(* Let $m\ge2$, $G=CK(2m-1)$, and let $B$ be a set of edges of Class A with parameters $\alpha,\delta$ (so that $B$ contains all edges of the boundary path $\langle\alpha,\alpha+1,\dots,m-\delta\rangle$). Let $F$ be a simple Hamiltonian path of $G$. If some edge of $F$ connects two vertices of the path $\langle\alpha,\alpha+1,\dots,m-\delta\rangle$, then $F$ and $B$ have an edge in common.
   Context: $CK(2m-1)$ is the complete convex geometric graph on $2m-1$ points in convex position, labelled clockwise $0,\dots,2m-2$ (elements of $\mathbb{Z}_{2m-1}$; indices mod $2m-1$), with all segments as edges. A simple Hamiltonian path is a path through all vertices whose edges pairwise do not cross. Class A: sets consisting of the following edges, for integers $\alpha,\delta\ge0$ with $\alpha+\delta\le m-2$: (1) all edges of the boundary path $\langle\alpha,\alpha+1,\dots,m-\delta\rangle$; (2) the edges $[i-1-\epsilon_i,\,i+\epsilon_i]$, $1\le i\le\alpha$, with $\epsilon_1>\dots>\epsilon_\alpha>0$ and $\alpha-i+1\le\epsilon_i\le m-\delta-i-1$; (3) the edges $[m-j-\xi_j,\,m-j+1+\xi_j]$, $1\le j\le\delta$, with $\xi_1>\dots>\xi_\delta>0$ and $\delta+1-j\le\xi_j\le m-j-\alpha-1$; and in addition $\epsilon_1+\xi_1\le m-2$ (when $\alpha,\delta>0$). *)

theory Defs
  imports Main
begin

(* Vertices of CK(2m-1): the integers 0..2m-2 in clockwise order; edges are 2-sets. *)

definition vtx :: "nat \<Rightarrow> int \<Rightarrow> int" where
  "vtx m k = k mod (2 * int m - 1)"

definition cedge :: "nat \<Rightarrow> int \<Rightarrow> int \<Rightarrow> int set" where
  "cedge m a b = {vtx m a, vtx m b}"

(* two segments between points in convex position cross iff their four
   (distinct) endpoints interleave *)
definition crosses :: "int set \<Rightarrow> int set \<Rightarrow> bool" where
  "crosses e f \<longleftrightarrow> (\<exists>a b c d. e = {a, b} \<and> f = {c, d} \<and> a < c \<and> c < b \<and> (d < a \<or> b < d))"

definition path_edges :: "int list \<Rightarrow> int set set" where
  "path_edges ps = {{ps ! i, ps ! Suc i} | i. Suc i < length ps}"

definition simple_ham_path :: "nat \<Rightarrow> int set set \<Rightarrow> bool" where
  "simple_ham_path m F \<longleftrightarrow>
     (\<exists>ps. distinct ps \<and> set ps = {0..<2 * int m - 1} \<and> F = path_edges ps \<and>
           (\<forall>e\<in>F. \<forall>f\<in>F. \<not> crosses e f))"

definition classA :: "nat \<Rightarrow> nat \<Rightarrow> nat \<Rightarrow> int set set \<Rightarrow> bool" where
  "classA m \<alpha> \<delta> B \<longleftrightarrow>
     int \<alpha> + int \<delta> \<le> int m - 2 \<and>
     (\<exists>\<epsilon> \<xi> :: nat \<Rightarrow> int.
        (\<forall>i j. 1 \<le> i \<and> i < j \<and> j \<le> \<alpha> \<longrightarrow> \<epsilon> j < \<epsilon> i) \<and>
        (\<forall>i. 1 \<le> i \<and> i \<le> \<alpha> \<longrightarrow> 0 < \<epsilon> i \<and>
              int \<alpha> - int i + 1 \<le> \<epsilon> i \<and> \<epsilon> i \<le> int m - int \<delta> - int i - 1) \<and>
        (\<forall>i j. 1 \<le> i \<and> i < j \<and> j \<le> \<delta> \<longrightarrow> \<xi> j < \<xi> i) \<and>
        (\<forall>j. 1 \<le> j \<and> j \<le> \<delta> \<longrightarrow> 0 < \<xi> j \<and>
              int \<delta> + 1 - int j \<le> \<xi> j \<and> \<xi> j \<le> int m - int j - int \<alpha> - 1) \<and>
        (0 < \<alpha> \<and> 0 < \<delta> \<longrightarrow> \<epsilon> 1 + \<xi> 1 \<le> int m - 2) \<and>
        B = {cedge m k (k + 1) | k. int \<alpha> \<le> k \<and> k < int m - int \<delta>}
          \<union> {cedge m (int i - 1 - \<epsilon> i) (int i + \<epsilon> i) | i. 1 \<le> i \<and> i \<le> \<alpha>}
          \<union> {cedge m (int m - int j - \<xi> j) (int m - int j + 1 + \<xi> j) | j. 1 \<le> j \<and> j \<le> \<delta>})"

end

theory Submission
  imports Defs
begin

(* Let {a, b}, a < b, be an edge of the path inside the boundary path with b - a minimal.
   If b > a + 1, the path visits both a and a + 1, so some edge {u, w} of it leaves the open
   interval (a, b) from u.  If w is a or b this is a shorter such edge; otherwise {u, w} crosses
   {a, b}.  Hence b = a + 1, and every boundary edge [c, c + 1] of the boundary path lies in B. *)

lemma list_adjacent_change:
  assumes "x \<in> set xs" "y \<in> set xs" "P x" "\<not> P y"
  shows "\<exists>k. Suc k < length xs \<and> P (xs ! k) \<noteq> P (xs ! Suc k)"
proof (rule ccontr)
  assume no_change: "\<not> ?thesis"
  have const: "k < length xs \<Longrightarrow> P (xs ! k) = P (xs ! 0)" for k
    using no_change by (induction k) auto
  obtain i j where "i < length xs" "xs ! i = x" "j < length xs" "xs ! j = y"
    using assms(1,2) by (metis in_set_conv_nth)
  then show False using const assms(3,4) by metis
qed

lemma path_edges_leaving_set:
  assumes "x \<in> set ps" "y \<in> set ps" "x \<in> S" "y \<notin> S"
  obtains u w where "{u, w} \<in> path_edges ps" "u \<in> S" "w \<notin> S"
proof -
  obtain k where k: "Suc k < length ps" "(ps ! k \<in> S) \<noteq> (ps ! Suc k \<in> S)"
    using list_adjacent_change[of x ps y "\<lambda>v. v \<in> S"] assms by blast
  then have "{ps ! k, ps ! Suc k} \<in> path_edges ps" "{ps ! Suc k, ps ! k} \<in> path_edges ps"
    unfolding path_edges_def by (auto simp: insert_commute)
  then show thesis using that k(2) by blast
qed

lemma path_edge_ordered:
  assumes "distinct ps" "e \<in> path_edges ps"
  obtains a b where "e = {a, b}" "a < b"
proof -
  obtain i where i: "Suc i < length ps" "e = {ps ! i, ps ! Suc i}"
    using assms(2) unfolding path_edges_def by blast
  have "ps ! i \<noteq> ps ! Suc i" using assms(1) i(1) by (simp add: nth_eq_iff_index_eq)
  then show thesis
    using that[of "ps ! i" "ps ! Suc i"] that[of "ps ! Suc i" "ps ! i"] i(2)
    by (metis insert_commute linorder_neqE)
qed

lemma noncrossing_path_edge_spans_unit_edge:
  assumes noncrossing: "\<forall>e\<in>path_edges ps. \<forall>f\<in>path_edges ps. \<not> crosses e f"
    and covers: "{a..b} \<subseteq> set ps"
    and edge: "{a, b} \<in> path_edges ps" "a < b"
  shows "\<exists>c. a \<le> c \<and> c < b \<and> {c, c + 1} \<in> path_edges ps"
  using covers edge
proof (induction "nat (b - a)" arbitrary: a b rule: less_induct)
  case less
  show ?case
  proof (cases "b = a + 1")
    case True
    then show ?thesis using less.prems by auto
  next
    case False
    have "a + 1 \<in> set ps" "a \<in> set ps" "a + 1 \<in> {a<..<b}" "a \<notin> {a<..<b}"
      using less.prems False by auto
    then obtain u w where uw: "{u, w} \<in> path_edges ps" "a < u" "u < b" "\<not> (a < w \<and> w < b)"
      by (rule path_edges_leaving_set) auto
    consider "w = a" | "w = b" | "w < a \<or> b < w" using uw(4) by linarith
    then show ?thesis
    proof cases
      case 1
      then have "{a, u} \<in> path_edges ps" using uw(1) by (simp add: insert_commute)
      moreover have "{a..u} \<subseteq> set ps" using less.prems(1) uw(3) by auto
      moreover have "nat (u - a) < nat (b - a)" using uw(2,3) by auto
      ultimately obtain c where "a \<le> c" "c < u" "{c, c + 1} \<in> path_edges ps"
        using less.hyps[of u a] uw(2,3) by blast
      then show ?thesis using uw(2,3) by (auto intro!: exI[of _ c])
    next
      case 2
      then have "{u, b} \<in> path_edges ps" using uw(1) by simp
      moreover have "{u..b} \<subseteq> set ps" using less.prems(1) uw(2) by auto
      moreover have "nat (b - u) < nat (b - a)" using uw(2,3) by auto
      ultimately obtain c where "u \<le> c" "c < b" "{c, c + 1} \<in> path_edges ps"
        using less.hyps[of b u] uw(2,3) by blast
      then show ?thesis using uw(2,3) by (auto intro!: exI[of _ c])
    next
      case 3
      then have "crosses {a, b} {u, w}" unfolding crosses_def using uw less.prems by blast
      then show ?thesis using noncrossing uw(1) less.prems(2) by blast
    qed
  qed
qed

lemma classA_boundary_edge:
  assumes "classA m \<alpha> \<delta> B" "int \<alpha> \<le> c" "c < int m - int \<delta>"
  shows "{c, c + 1} \<in> B"
proof -
  have "int \<alpha> + int \<delta> \<le> int m - 2" and "cedge m c (c + 1) \<in> B"
    using assms unfolding classA_def by blast+
  moreover have "cedge m c (c + 1) = {c, c + 1}"
    unfolding cedge_def vtx_def using assms(2,3) calculation(1) by auto
  ultimately show ?thesis by simp
qed

theorem mainTheorem11:
  fixes m \<alpha> \<delta> :: nat and B F :: "int set set"
  assumes "m \<ge> 2"
    and "classA m \<alpha> \<delta> B"
    and "simple_ham_path m F"
    and "\<exists>e\<in>F. e \<subseteq> {int \<alpha>..int m - int \<delta>}"
  shows "F \<inter> B \<noteq> {}"
proof -
  obtain ps where ps: "distinct ps" "set ps = {0..<2 * int m - 1}" "F = path_edges ps"
    and noncrossing: "\<forall>e\<in>F. \<forall>f\<in>F. \<not> crosses e f"
    using assms(3) unfolding simple_ham_path_def by blast
  obtain e where e: "e \<in> F" "e \<subseteq> {int \<alpha>..int m - int \<delta>}" using assms(4) by blast
  then obtain a b where ab: "e = {a, b}" "a < b"
    using path_edge_ordered ps(1,3) by blast
  have "{a..b} \<subseteq> set ps" using e(2) ab ps(2) assms(1) by auto
  then obtain c where "a \<le> c" "c < b" "{c, c + 1} \<in> F"
    using noncrossing_path_edge_spans_unit_edge[of ps a b] noncrossing e(1) ab ps(3) by auto
  moreover have "{c, c + 1} \<in> B"
    using classA_boundary_edge[OF assms(2)] calculation(1,2) e(2) ab by auto
  ultimately show ?thesis by blast
qed

end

## What the task asks:
I would like you to restate word for word the lines from the one with "then show ?thesis using noncrossing" through the last line of the material above, and only those.

## Exercise response:
      then show ?thesis using noncrossing uw(1) less.prems(2) by blast
    qed
  qed
qed

lemma classA_boundary_edge:
  assumes "classA m \<alpha> \<delta> B" "int \<alpha> \<le> c" "c < int m - int \<delta>"
  shows "{c, c + 1} \<in> B"
proof -
  have "int \<alpha> + int \<delta> \<le> int m - 2" and "cedge m c (c + 1) \<in> B"
    using assms unfolding classA_def by blast+
  moreover have "cedge m c (c + 1) = {c, c + 1}"
    unfolding cedge_def vtx_def using assms(2,3) calculation(1) by auto
  ultimately show ?thesis by simp
qed

theorem mainTheorem11:
  fixes m \<alpha> \<delta> :: nat and B F :: "int set set"
  assumes "m \<ge> 2"
    and "classA m \<alpha> \<delta> B"
    and "simple_ham_path m F"
    and "\<exists>e\<in>F. e \<subseteq> {int \<alpha>..int m - int \<delta>}"
  shows "F \<inter> B \<noteq> {}"
proof -
  obtain ps where ps: "distinct ps" "set ps = {0..<2 * int m - 1}" "F = path_edges ps"
    and noncrossing: "\<forall>e\<in>F. \<forall>f\<in>F. \<not> crosses e f"
    using assms(3) unfolding simple_ham_path_def by blast
  obtain e where e: "e \<in> F" "e \<subseteq> {int \<alpha>..int m - int \<delta>}" using assms(4) by blast
  then obtain a b where ab: "e = {a, b}" "a < b"
    using path_edge_ordered ps(1,3) by blast
  have "{a..b} \<subseteq> set ps" using e(2) ab ps(2) assms(1) by auto
  then obtain c where "a \<le> c" "c < b" "{c, c + 1} \<in> F"
    using noncrossing_path_edge_spans_unit_edge[of ps a b] noncrossing e(1) ab ps(3) by auto
  moreover have "{c, c + 1} \<in> B"
    using classA_boundary_edge[OF assms(2)] calculation(1,2) e(2) ab by auto
  ultimately show ?thesis by blast
qed

end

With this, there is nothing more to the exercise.